Miss Red — K.O. | The Quietus

Miss Red

K.O.

A ferocious riposte to mainstream dancehall mediocrity

Dancehall is in a curious state at the moment. The shadow it casts over the pop mainstream has arguably never been longer, yet time and again the resulting music simply sinks into the “sea of poptastic blandness” described by Kevin Martin, aka The Bug, the producer for K.O.. This album, from Israeli MC Miss Red, can be understood as an antidote to that blandness, a subversion of the lumpy, indistinct dancehall tropes of Major Lazer et al into something more urgent, engaged, and invigorating. It works superbly.

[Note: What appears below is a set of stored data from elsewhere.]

lemma psd_on_graph_sum_nonneg:
  fixes Y :: "('n \<times> 'c::finite) op"
  assumes "psd_on (A \<times> UNIV) Y"
  shows "0 \<le> (\<Sum>n\<in>A. \<Sum>n'\<in>A. Y (n, d n) (n', d n'))"
proof -
  define v :: "'n \<times> 'c \<Rightarrow> complex" where "v p = of_bool (snd p = d (fst p))" for p
  have "cnj (v p) = v p" for p
    by (simp add: v_def)
  then have "(\<Sum>i\<in>A \<times> UNIV. \<Sum>j\<in>A \<times> UNIV. cnj (v i) * Y i j * v j)
      = (\<Sum>i\<in>A \<times> UNIV. v i * (\<Sum>j\<in>A \<times> UNIV. v j * Y i j))"
    by (simp add: sum_distrib_left ac_simps)
  also have "\<dots> = (\<Sum>i\<in>A \<times> UNIV. v i * (\<Sum>n'\<in>A. Y i (n', d n')))"
    unfolding v_def by (simp only: sum_of_bool_graph)
  also have "\<dots> = (\<Sum>n\<in>A. \<Sum>n'\<in>A. Y (n, d n) (n', d n'))"
    unfolding v_def by (rule sum_of_bool_graph)
  finally show ?thesis
    using psd_on_quadratic_form_nonneg[OF assms, of v] by simp
qed

(* The sum is <Omega| (id (x) N)(Q^T) |Omega> for Omega = sum_c |c>|c>, with the output basis enumerated
   by the ancilla {..<k}; this gives Tr[Q J] >= 0 without any spectral theory. *)
lemma completely_positive_pairing_nonneg:
  fixes N :: "('b::finite) op \<Rightarrow> ('c::finite) op" and Q :: "('b \<times> 'c) op"
  assumes cp: "completely_positive N" and Q: "psd Q"
  shows "0 \<le> (\<Sum>c\<in>UNIV. \<Sum>c'\<in>UNIV. N (\<lambda>b b'. Q (b', c') (b, c)) c c')"
proof -
  let ?K = "{..<card (UNIV :: 'c set)}"
  obtain dec :: "nat \<Rightarrow> 'c" where dec: "bij_betw dec ?K UNIV"
    using ex_bij_betw_nat_finite[OF finite_UNIV] by (auto simp: atLeast0LessThan)
  define f :: "nat \<times> 'b \<Rightarrow> 'b \<times> 'c" where "f = prod.swap \<circ> map_prod dec id"
  have "bij_betw f (?K \<times> UNIV) UNIV"
    unfolding f_def using bij_betw_map_prod[OF dec bij_betw_id] bij_swap
    by (metis UNIV_Times_UNIV bij_betw_trans)
  then have "psd_on (?K \<times> UNIV) (\<lambda>i j. Q (f j) (f i))"
    using psd_on_transpose[OF psd_on_reindex] Q unfolding psd_def by blast
  then have "psd_on (?K \<times> UNIV) (ampl N (\<lambda>i j. Q (f j) (f i)))"
    using cp unfolding completely_positive_def by blast
  then have "0 \<le> (\<Sum>n\<in>?K. \<Sum>n'\<in>?K. ampl N (\<lambda>i j. Q (f j) (f i)) (n, dec n) (n', dec n'))"
    by (rule psd_on_graph_sum_nonneg)
  also have "\<dots> = (\<Sum>n\<in>?K. \<Sum>n'\<in>?K. N (\<lambda>b b'. Q (b', dec n') (b, dec n)) (dec n) (dec n'))"
    by (simp add: ampl_def f_def)
  also have "\<dots> = (\<Sum>n\<in>?K. \<Sum>c'\<in>UNIV. N (\<lambda>b b'. Q (b', c') (b, dec n)) (dec n) c')"
    by (rule sum.cong[OF refl], rule sum.reindex_bij_betw[OF dec])
  also have "\<dots> = (\<Sum>c\<in>UNIV. \<Sum>c'\<in>UNIV. N (\<lambda>b b'. Q (b', c') (b, c)) c c')"
    by (rule sum.reindex_bij_betw[OF dec])
  finally show ?thesis .
qed
(* Let $S_1,\ldots,S_m$ be propositional formulae ($m\ge 1$). The lexicographic orders $[S_1,\ldots,S_{m-1},S_m]$ and $[S_1,\ldots,S_{m-1}]$ are equivalent if and only if $S_m$ is equivalent to the disjunction of some (possibly none) of the formulae $Q = (B_1 \equiv S_1) \wedge \cdots \wedge (B_{m-1} \equiv S_{m-1})$, where each $B_i$ is either $\top$ or $\bot$.
   Context: Formulae are propositional over a finite alphabet; models are truth assignments. For a formula $F$, the order induced by $F$ is: $I \leq_F J$ iff $I \models F$ or $J \not\models F$. For a finite sequence of formulae $S=[S_1,\ldots,S_m]$, the lexicographic order $\leq_S$ is defined recursively: $I \leq_S J$ holds iff either $S=[]$, or ($I \leq_{S_1} J$ and (either $J \not\leq_{S_1} I$ or $I \leq_R J$)), where $R=[S_2,\ldots,S_m]$. Two sequences $S$ and $R$ are equivalent, written $S\equiv R$, if $I \leq_S J$ and $I\leq_R J$ coincide for all pairs of models $I,J$. The empty disjunction is $\bot$. *)

theory Defs
  imports Main
begin

datatype 'a form = Atom 'a | Top | Bot | Neg "'a form"
  | Conj "'a form" "'a form" | Disj "'a form" "'a form" | Iff "'a form" "'a form"

fun sat :: "('a \<Rightarrow> bool) \<Rightarrow> 'a form \<Rightarrow> bool" where
  "sat I (Atom x) = I x"
| "sat I Top = True"
| "sat I Bot = False"
| "sat I (Neg F) = (\<not> sat I F)"
| "sat I (Conj F G) = (sat I F \<and> sat I G)"
| "sat I (Disj F G) = (sat I F \<or> sat I G)"
| "sat I (Iff F G) = (sat I F = sat I G)"

definition form_equiv :: "'a form \<Rightarrow> 'a form \<Rightarrow> bool" where
  "form_equiv F G = (\<forall>I. sat I F = sat I G)"

definition le_form :: "'a form \<Rightarrow> ('a \<Rightarrow> bool) \<Rightarrow> ('a \<Rightarrow> bool) \<Rightarrow> bool" where
  "le_form F I J = (sat I F \<or> \<not> sat J F)"

fun le_lex :: "'a form list \<Rightarrow> ('a \<Rightarrow> bool) \<Rightarrow> ('a \<Rightarrow> bool) \<Rightarrow> bool" where
  "le_lex [] I J = True"
| "le_lex (F # R) I J = (le_form F I J \<and> (\<not> le_form F J I \<or> le_lex R I J))"

definition lex_equiv :: "'a form list \<Rightarrow> 'a form list \<Rightarrow> bool" where
  "lex_equiv S R = (\<forall>I J. le_lex S I J = le_lex R I J)"

definition Conjs :: "'a form list \<Rightarrow> 'a form" where
  "Conjs Fs = foldr Conj Fs Top"

definition Disjs :: "'a form list \<Rightarrow> 'a form" where
  "Disjs Fs = foldr Disj Fs Bot"

definition Qform :: "bool list \<Rightarrow> 'a form list \<Rightarrow> 'a form" where
  "Qform Bs Ss = Conjs (map2 (\<lambda>b s. Iff (if b then Top else Bot) s) Bs Ss)"

end

theory Submission
  imports Defs
begin

text \<open>Appending \<open>F\<close> to \<open>S\<close> only refines \<open>\<le>\<^sub>S\<close> on pairs of models that agree on every
  formula of \<open>S\<close>, and such pairs are \<open>\<le>\<^sub>S\<close>-equivalent. So the two orders coincide iff the truth
  value of \<open>F\<close> is a function of the truth vector \<open>map (sat I) S\<close>. Such an \<open>F\<close> is the
  disjunction of the formulae \<open>Qform Bs S\<close> over the (finitely many) vectors \<open>Bs\<close> of its models,
  because \<open>Qform Bs S\<close> holds exactly in the models with truth vector \<open>Bs\<close>.\<close>

lemma sat_Disjs: "sat I (Disjs Fs) \<longleftrightarrow> (\<exists>F\<in>set Fs. sat I F)"
  by (induction Fs) (auto simp: Disjs_def)

lemma sat_Qform:
  "length Bs = length S \<Longrightarrow> sat I (Qform Bs S) \<longleftrightarrow> Bs = map (sat I) S"
proof (induction S arbitrary: Bs)
  case Nil
  then show ?case by (simp add: Qform_def Conjs_def)
next
  case (Cons s S)
  then obtain b Bs' where "Bs = b # Bs'" "length Bs' = length S"
    by (cases Bs) auto
  with Cons.IH[of Bs'] show ?case by (auto simp: Qform_def Conjs_def)
qed

lemma sat_Disjs_Qform:
  assumes "\<forall>Bs\<in>set Bss. length Bs = length S"
  shows "sat I (Disjs (map (\<lambda>Bs. Qform Bs S) Bss)) \<longleftrightarrow> map (sat I) S \<in> set Bss"
  using assms by (auto simp: sat_Disjs sat_Qform)

lemma le_lex_snoc:
  "le_lex (S @ [F]) I J =
    (if map (sat I) S = map (sat J) S then le_form F I J else le_lex S I J)"
  by (induction S) (auto simp: le_form_def)

lemma le_lex_if_same_truth_values: "map (sat I) S = map (sat J) S \<Longrightarrow> le_lex S I J"
  by (induction S) (auto simp: le_form_def)

lemma lex_equiv_snoc_iff:
  "lex_equiv (S @ [F]) S \<longleftrightarrow>
    (\<forall>I J. map (sat I) S = map (sat J) S \<longrightarrow> sat I F = sat J F)"
proof -
  have "lex_equiv (S @ [F]) S \<longleftrightarrow>
      (\<forall>I J. map (sat I) S = map (sat J) S \<longrightarrow> le_form F I J)"
    by (auto simp: lex_equiv_def le_lex_snoc le_lex_if_same_truth_values)
  also have "\<dots> \<longleftrightarrow> (\<forall>I J. map (sat I) S = map (sat J) S \<longrightarrow> sat I F = sat J F)"
    unfolding le_form_def by metis
  finally show ?thesis .
qed

lemma equiv_Disjs_Qform_iff:
  "(\<exists>Bss. (\<forall>Bs\<in>set Bss. length Bs = length S) \<and>
          form_equiv F (Disjs (map (\<lambda>Bs. Qform Bs S) Bss))) \<longleftrightarrow>
    (\<forall>I J. map (sat I) S = map (sat J) S \<longrightarrow> sat I F = sat J F)"
  (is "?disj \<longleftrightarrow> ?determined")
proof
  assume ?disj
  then obtain Bss where "\<forall>Bs\<in>set Bss. length Bs = length S"
    and "form_equiv F (Disjs (map (\<lambda>Bs. Qform Bs S) Bss))"
    by blast
  then have "sat I F \<longleftrightarrow> map (sat I) S \<in> set Bss" for I
    by (simp add: form_equiv_def sat_Disjs_Qform)
  then show ?determined by (intro allI impI) (simp only:)
next
  assume determined: ?determined
  let ?models = "{map (sat I) S | I. sat I F}"
  have "?models \<subseteq> {Bs. length Bs = length S}"
    by auto
  then have "finite ?models"
    using finite_list_length by (rule finite_subset)
  then obtain Bss where Bss: "set Bss = ?models"
    by (meson finite_list)
  then have lengths: "\<forall>Bs\<in>set Bss. length Bs = length S"
    by auto
  have "sat I F \<longleftrightarrow> map (sat I) S \<in> set Bss" for I
    using determined unfolding Bss by auto
  with lengths show ?disj
    by (auto simp: form_equiv_def sat_Disjs_Qform)
qed

theorem theorem3:
  fixes S :: "'a::finite form list" and Sm :: "'a form"
  shows "lex_equiv (S @ [Sm]) S \<longleftrightarrow>
    (\<exists>Bss. (\<forall>Bs\<in>set Bss. length Bs = length S) \<and>
           form_equiv Sm (Disjs (map (\<lambda>Bs. Qform Bs S) Bss)))"
  by (simp only: lex_equiv_snoc_iff equiv_Disjs_Qform_iff)

end
definition mul3 :: "(complex ^ 'b \<Rightarrow> complex ^ 'b \<Rightarrow> complex ^ 'b) \<Rightarrow>
    complex ^ ('b::finite \<times> 'b \<times> 'b) \<Rightarrow> complex ^ ('b \<times> 'b \<times> 'b) \<Rightarrow> complex ^ ('b \<times> 'b \<times> 'b)" where
  "mul3 mul X Y = vec_lambda (\<lambda>(p, q, r). \<Sum>i\<in>UNIV. \<Sum>j\<in>UNIV. \<Sum>k\<in>UNIV.
      \<Sum>i'\<in>UNIV. \<Sum>j'\<in>UNIV. \<Sum>k'\<in>UNIV.
      X $ (i, j, k) * Y $ (i', j', k') * mul (ebas i) (ebas i') $ p
        * mul (ebas j) (ebas j') $ q * mul (ebas k) (ebas k') $ r)"

definition star2 :: "(complex ^ 'b \<Rightarrow> complex ^ 'b) \<Rightarrow> complex ^ ('b::finite \<times> 'b) \<Rightarrow> complex ^ ('b \<times> 'b)" where
  "star2 st X = vec_lambda (\<lambda>(p, q). \<Sum>i\<in>UNIV. \<Sum>j\<in>UNIV.
      cnj (X $ (i, j)) * st (ebas i) $ p * st (ebas j) $ q)"

definition weak_bialgebra ::
  "(complex ^ 'b \<Rightarrow> complex ^ 'b \<Rightarrow> complex ^ 'b) \<Rightarrow> complex ^ 'b \<Rightarrow>
   (complex ^ 'b \<Rightarrow> complex ^ ('b \<times> 'b)) \<Rightarrow> (complex ^ 'b::finite \<Rightarrow> complex) \<Rightarrow> bool" where
  "weak_bialgebra mul one cop cou \<longleftrightarrow>
     \<comment> \<open>unital associative algebra\<close>
     (\<forall>x. clin_map (mul x)) \<and> (\<forall>y. clin_map (\<lambda>x. mul x y)) \<and>
     (\<forall>x y z. mul (mul x y) z = mul x (mul y z)) \<and>
     (\<forall>x. mul one x = x \<and> mul x one = x) \<and>
     \<comment> \<open>coassociative counital coalgebra\<close>
     clin_map cop \<and> clin_fun cou \<and>
     (\<forall>x. cop_left cop (cop x) = cop_right cop (cop x)) \<and>
     (\<forall>x k. (\<Sum>i\<in>UNIV. cop x $ (i, k) * cou (ebas i)) = x $ k) \<and>
     (\<forall>x k. (\<Sum>j\<in>UNIV. cop x $ (k, j) * cou (ebas j)) = x $ k) \<and>
     \<comment> \<open>weak bialgebra axioms\<close>
     (\<forall>x y. cop (mul x y) = mul2 mul (cop x) (cop y)) \<and>
     (let one1 = vec_lambda (\<lambda>(p, q, r). one $ p * cop one $ (q, r));
          one2 = vec_lambda (\<lambda>(p, q, r). cop one $ (p, q) * one $ r)
      in cop_right cop (cop one) = mul3 mul one1 one2 \<and>
         cop_right cop (cop one) = mul3 mul one2 one1) \<and>
     (\<forall>x y z.
        cou (mul (mul x y) z) =
          (\<Sum>i\<in>UNIV. \<Sum>j\<in>UNIV. cop y $ (i, j) * cou (mul x (ebas i)) * cou (mul (ebas j) z)) \<and>
        cou (mul (mul x y) z) =
          (\<Sum>i\<in>UNIV. \<Sum>j\<in>UNIV. cop y $ (i, j) * cou (mul x (ebas j)) * cou (mul (ebas i) z)))"

definition eps_s :: "(complex ^ 'b \<Rightarrow> complex ^ 'b \<Rightarrow> complex ^ 'b) \<Rightarrow> complex ^ 'b \<Rightarrow>
   (complex ^ 'b \<Rightarrow> complex ^ ('b \<times> 'b)) \<Rightarrow> (complex ^ 'b::finite \<Rightarrow> complex) \<Rightarrow> complex ^ 'b \<Rightarrow> complex ^ 'b" where
  "eps_s mul one cop cou x =
     (\<Sum>i\<in>UNIV. \<Sum>j\<in>UNIV. (cop one $ (i, j) * cou (mul x (ebas j))) *s ebas i)"

definition eps_t :: "(complex ^ 'b \<Rightarrow> complex ^ 'b \<Rightarrow> complex ^ 'b) \<Rightarrow> complex ^ 'b \<Rightarrow>
   (complex ^ 'b \<Rightarrow> complex ^ ('b \<times> 'b)) \<Rightarrow> (complex ^ 'b::finite \<Rightarrow> complex) \<Rightarrow> complex ^ 'b \<Rightarrow> complex ^ 'b" where
  "eps_t mul one cop cou x =
     (\<Sum>i\<in>UNIV. \<Sum>j\<in>UNIV. (cop one $ (i, j) * cou (mul (ebas i) x)) *s ebas j)"

definition weak_hopf ::
  "(complex ^ 'b \<Rightarrow> complex ^ 'b \<Rightarrow> complex ^ 'b) \<Rightarrow> complex ^ 'b \<Rightarrow>
   (complex ^ 'b \<Rightarrow> complex ^ ('b \<times> 'b)) \<Rightarrow> (complex ^ 'b::finite \<Rightarrow> complex) \<Rightarrow>
   (complex ^ 'b \<Rightarrow> complex ^ 'b) \<Rightarrow> bool" where
  "weak_hopf mul one cop cou S \<longleftrightarrow>
     weak_bialgebra mul one cop cou \<and> clin_map S \<and>
     (\<forall>x. (\<Sum>i\<in>UNIV. \<Sum>j\<in>UNIV. cop x $ (i, j) *s mul (S (ebas i)) (ebas j)) = eps_s mul one cop cou x) \<and>
     (\<forall>x. (\<Sum>i\<in>UNIV. \<Sum>j\<in>UNIV. cop x $ (i, j) *s mul (ebas i) (S (ebas j))) = eps_t mul one cop cou x) \<and>
     (\<forall>x. (\<Sum>i\<in>UNIV. \<Sum>j\<in>UNIV. \<Sum>k\<in>UNIV.
            cop_right cop (cop x) $ (i, j, k) *s mul (mul (S (ebas i)) (ebas j)) (S (ebas k))) = S x)"

definition star_rep_nat ::
  "(complex ^ 'b \<Rightarrow> complex ^ 'b \<Rightarrow> complex ^ 'b) \<Rightarrow> complex ^ 'b \<Rightarrow> (complex ^ 'b \<Rightarrow> complex ^ 'b)
   \<Rightarrow> nat \<Rightarrow> (complex ^ 'b \<Rightarrow> nat \<Rightarrow> nat \<Rightarrow> complex) \<Rightarrow> bool" where
  "star_rep_nat mul one st n \<pi> \<longleftrightarrow>
     (\<forall>x y i j. i < n \<longrightarrow> j < n \<longrightarrow> \<pi> (x + y) i j = \<pi> x i j + \<pi> y i j) \<and>
     (\<forall>c x i j. i < n \<longrightarrow> j < n \<longrightarrow> \<pi> (c *s x) i j = c * \<pi> x i j) \<and>
     (\<forall>x y i j. i < n \<longrightarrow> j < n \<longrightarrow> \<pi> (mul x y) i j = (\<Sum>k<n. \<pi> x i k * \<pi> y k j)) \<and>
     (\<forall>i j. i < n \<longrightarrow> j < n \<longrightarrow> \<pi> one i j = (if i = j then 1 else 0)) \<and>
     (\<forall>x i j. i < n \<longrightarrow> j < n \<longrightarrow> \<pi> (st x) i j = cnj (\<pi> x j i))"

definition c_star_weak_hopf ::
  "(complex ^ 'b \<Rightarrow> complex ^ 'b \<Rightarrow> complex ^ 'b) \<Rightarrow> complex ^ 'b \<Rightarrow>
   (complex ^ 'b \<Rightarrow> complex ^ ('b \<times> 'b)) \<Rightarrow> (complex ^ 'b::finite \<Rightarrow> complex) \<Rightarrow>
   (complex ^ 'b \<Rightarrow> complex ^ 'b) \<Rightarrow> (complex ^ 'b \<Rightarrow> complex ^ 'b) \<Rightarrow> bool" where
  "c_star_weak_hopf mul one cop cou S st \<longleftrightarrow>
     weak_hopf mul one cop cou S \<and>
     (\<forall>x y. st (x + y) = st x + st y) \<and>
     (\<forall>c x. st (c *s x) = cnj c *s st x) \<and>
     (\<forall>x. st (st x) = x) \<and>
     (\<forall>x y. st (mul x y) = mul (st y) (st x)) \<and>
     (\<forall>x. cop (st x) = star2 st (cop x)) \<and>
     (\<exists>n \<pi>. star_rep_nat mul one st n \<pi> \<and>
        (\<forall>x y. (\<forall>i j. i < n \<longrightarrow> j < n \<longrightarrow> \<pi> x i j = \<pi> y i j) \<longrightarrow> x = y))"

definition adj :: "complex ^ 'n ^ 'm \<Rightarrow> complex ^ 'm ^ 'n" where
  "adj M = (\<chi> i j. cnj (M $ j $ i))"

definition unitary_mat :: "complex ^ 'n::finite ^ 'n \<Rightarrow> bool" where
  "unitary_mat U \<longleftrightarrow> U ** adj U = mat 1 \<and> adj U ** U = mat 1"

text \<open>*-representation into M_d(C), d = CARD('d)\<close>
definition star_rep ::
  "(complex ^ 'b \<Rightarrow> complex ^ 'b \<Rightarrow> complex ^ 'b) \<Rightarrow> complex ^ 'b \<Rightarrow> (complex ^ 'b \<Rightarrow> complex ^ 'b)
   \<Rightarrow> (complex ^ 'b \<Rightarrow> complex ^ 'd ^ 'd) \<Rightarrow> bool" where
  "star_rep mul one st \<rho> \<longleftrightarrow>
     (\<forall>x y. \<rho> (x + y) = \<rho> x + \<rho> y) \<and> (\<forall>c x a b. \<rho> (c *s x) $ a $ b = c * \<rho> x $ a $ b) \<and>
     (\<forall>x y. \<rho> (mul x y) = \<rho> x ** \<rho> y) \<and> \<rho> one = mat 1 \<and>
     (\<forall>x. \<rho> (st x) = adj (\<rho> x))"

definition corep ::
  "(complex ^ 'b \<Rightarrow> complex ^ ('b \<times> 'b)) \<Rightarrow> (complex ^ 'b \<Rightarrow> complex) \<Rightarrow> ('d::finite \<Rightarrow> 'd \<Rightarrow> complex ^ 'b) \<Rightarrow> bool" where
  "corep cop cou v \<longleftrightarrow>
     (\<forall>i j. cop (v i j) = (\<Sum>k\<in>UNIV. tens (v i k) (v k j))) \<and>
     (\<forall>i j. cou (v i j) = (if i = j then 1 else 0))"

section \<open>Periodic chain of 2L qudits. Site label j (j in 1/2 Z mod L) is the element 2j of 'L bit0 (= Z/2L).\<close>

definition emb2 :: "'s::finite \<Rightarrow> 's \<Rightarrow> complex ^ ('d::finite \<times> 'd) ^ ('d \<times> 'd) \<Rightarrow> complex ^ ('d ^ 's) ^ ('d ^ 's)" where
  "emb2 k k' X = (\<chi> \<sigma> \<tau>. if (\<forall>m. m \<noteq> k \<and> m \<noteq> k' \<longrightarrow> \<sigma> $ m = \<tau> $ m)
                        then X $ (\<sigma> $ k, \<sigma> $ k') $ (\<tau> $ k, \<tau> $ k') else 0)"

definition mat_prod_list :: "(complex ^ 'n::finite ^ 'n) list \<Rightarrow> complex ^ 'n ^ 'n" where
  "mat_prod_list Ms = foldr (**) Ms (mat 1)"

text \<open>site with doubled label m, i.e. the physical site m/2\<close>
definition site :: "nat \<Rightarrow> 'L::finite bit0" where
  "site m = of_nat m"

definition prod_int_half :: "complex ^ ('d::finite \<times> 'd) ^ ('d \<times> 'd) \<Rightarrow> complex ^ ('d ^ 'L::finite bit0) ^ ('d ^ 'L bit0)" where
  "prod_int_half X = mat_prod_list (map (\<lambda>j. emb2 (site (2 * j) :: 'L bit0) (site (2 * j + 1)) X) [1..<CARD('L) + 1])"

definition prod_half_int :: "complex ^ ('d::finite \<times> 'd) ^ ('d \<times> 'd) \<Rightarrow> complex ^ ('d ^ 'L::finite bit0) ^ ('d ^ 'L bit0)" where
  "prod_half_int X = mat_prod_list (map (\<lambda>j. emb2 (site (2 * j - 1) :: 'L bit0) (site (2 * j)) X) [1..<CARD('L) + 1])"

end

theory Submission
  imports Defs
begin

Miss Red, aka Sharon Stern, is an astonishing vocal presence. Her flow is dextrous and fiery, brilliantly confrontational. She’s highly literate in her genre, nodding to familiar dancehall inflections while making no bones about her status as a white female Israeli. Born to Polish and Israeli-Moroccan parents in xxx, her self-awareness and personal experience of conflict drive her words throughout K.O.. The righteous fury that permeates each track is rooted in very real issues.

Although this is unquestionably Stern’s album, The Bug’s production deserves a nod. It is rich, fibrous stuff, each gloopy bassline and lumbering beat expertly placed and carefully textured. The murk of his recent Burial collaborations as Flame 1 is given new life here, strongarmed out of ambient stasis (that’s not, necessarily, a criticism) into muscular energy. Tracks like ‘One Shot Killer’ and ‘Money Machine’ stomp along, all pounding rhythms and gale-force subs. Combined with Stern’s show-stealing vocal, it is goosebump-inducing.

The Bug has spoken of his and Stern’s desire to “mirror these fucked-up times with a fucked-up soundtrack.” K.O. achieves that aim in exhilarating style; by tackling the mediocrity of a chart-topping genre head-on and infusing every track with genuine polemical anger, Miss Red and The Bug have created a record that is as thrilling as it is timely.